Anyway, this was a nice, breezy, informative read. It's not a making-of, but rather an attempt to place 2001 in the context of its time and Kubrick's intellectual history. So after a brief (kind of out of place) synopsis of the novel for people who haven't read it, Peter Krämer covers the genesis of the film, drawing on archival work and making-of books, especially hitting up a few key factors: 1) Kubrick's correspondence and collaboration with Arthur C. Clarke, 2) the way the film builds on ideas Kubrick used in Dr. Strangelove, 3) the significance and impact of the Cinerama widescreen process (usually reserved for travelogues or films with a heavy emphasis on natural scenery), and 4) the way Kubrick moved from displaying the monolith's messages to leaving them obscure at the same time the film itself went from featuring heavy narration to deleting not just the narration, but much explanatory dialogue. He emphasizes Kubrick's message-making and essential optimism throughout. Though I've seen 2001 many times, all of this was new to me, and Krämer presents his theses compellingly and clearly.

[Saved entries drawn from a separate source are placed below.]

lemma rat_basis_A_B:
  assumes k: "k \<ge> 1"
  shows "rat_basis_of (A_set k \<union> B_set k) (rat_adjoin (omega (2 ^ k)))"
proof -
  define m :: nat where "m = 2 ^ (k - 1)"
  let ?X = "A_set k \<union> B_set k" and ?W = "(^) (omega (2 ^ k)) ` {..<m}"
  have "omega (2 ^ k) ^ m = -1"
    using two_pow_eq_double[OF k, where 'a = nat] omega_pow_half[of m] by (simp add: m_def)
  then interpret rat_irreducible_root "monom 1 m + 1" "omega (2 ^ k)"
    by unfold_locales
      (simp_all add: m_def irreducible_X_pow2_plus_1 hom_distribs of_rat_hom.map_poly_hom_monom poly_monom)
  have "degree (monom 1 m + 1 :: rat poly) = m" by (simp add: degree_add_eq_left degree_monom_eq m_def)
  note powers = independent_powers[unfolded this] card_powers[unfolded this] span_powers[unfolded this]
  have W_span: "rat_vs.span ?W = rat_adjoin (omega (2 ^ k))"
    using powers(3) rat_adjoin_eq_rat_ring_adjoin by simp
  have "?W \<subseteq> rat_vs.span ?X" using omega_pow_in_span_A_B[OF k] by auto
  hence "rat_adjoin (omega (2 ^ k)) \<subseteq> rat_vs.span ?X"
    unfolding W_span[symmetric] by (intro rat_vs.span_minimal rat_vs.subspace_span)
  moreover have "rat_vs.span ?X \<subseteq> rat_adjoin (omega (2 ^ k))"
    unfolding W_span[symmetric] using A_B_subset_rat_adjoin[of k] W_span
    by (intro rat_vs.span_minimal rat_vs.subspace_span) simp
  ultimately have X_span: "rat_vs.span ?X = rat_adjoin (omega (2 ^ k))" by blast
  have "rat_vs.independent ?X"
    using powers(1,2) card_A_B_le[OF k] \<open>?W \<subseteq> rat_vs.span ?X\<close>
    by (intro rat_vs.independent_if_card_le_independent_in_span[OF finite_A_B]) (auto simp: m_def)
  with X_span show ?thesis
    unfolding rat_basis_of_def rat_span_eq_span[OF finite_A_B] rat_independent_iff_independent[OF finite_A_B]
    using finite_A_B A_B_subset_rat_adjoin by blast
qed

theorem lemma8:
  fixes k :: nat
  assumes "k \<ge> 1"
  shows "rat_basis_of (A_set k \<union> B_set k) (rat_adjoin (omega (2^k))) \<and>
    (\<forall>t :: int.
      (\<exists>c :: complex \<Rightarrow> rat. (\<forall>x\<in>A_set k \<union> B_set k. c x \<in> {-1, 0, 1}) \<and>
          complex_of_real (Re (omega (2^k) powi t)) = (\<Sum>x\<in>A_set k \<union> B_set k. of_rat (c x) * x)) \<and>
      (\<exists>c :: complex \<Rightarrow> rat. (\<forall>x\<in>A_set k \<union> B_set k. c x \<in> {-1, 0, 1}) \<and>
          \<i> * complex_of_real (Im (omega (2^k) powi t)) = (\<Sum>x\<in>A_set k \<union> B_set k. of_rat (c x) * x)))"
  by (intro conjI allI rat_basis_A_B[OF assms] Re_omega_powi_coords[OF assms] Im_omega_powi_coords[OF assms])

end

After a brief discussion of the film qua a film, Krämer moves into its reception, again with some ideas to prove: 1) that 2001 was intended for a wide audience (not an arthouse one), 2) that it was critically well-received, and 3) that it was popularly well-received (not solely embraced by a countercultural movement; he particularly argues against the notion that drug use played a significant role in its positive reception). Again, he draws on archival research, including contemporary reviews and letters to Kubrick. The book ends with a concise discussion on how 2001 changed the blockbuster landscape, taking science fiction from a minor film genre to a major way, and paving the way for Star Wars and thus most modern blockbusters.

I read the whole thing in a day, and I enjoyed it a lot. My sister gave me Piers Bizony's The Making of 2001 for Christmas, so I look forward to reading that and then giving the film a rewatch; Krämer has given me a lot to think about here. I also look forward to picking up more of these BFI Film Classics!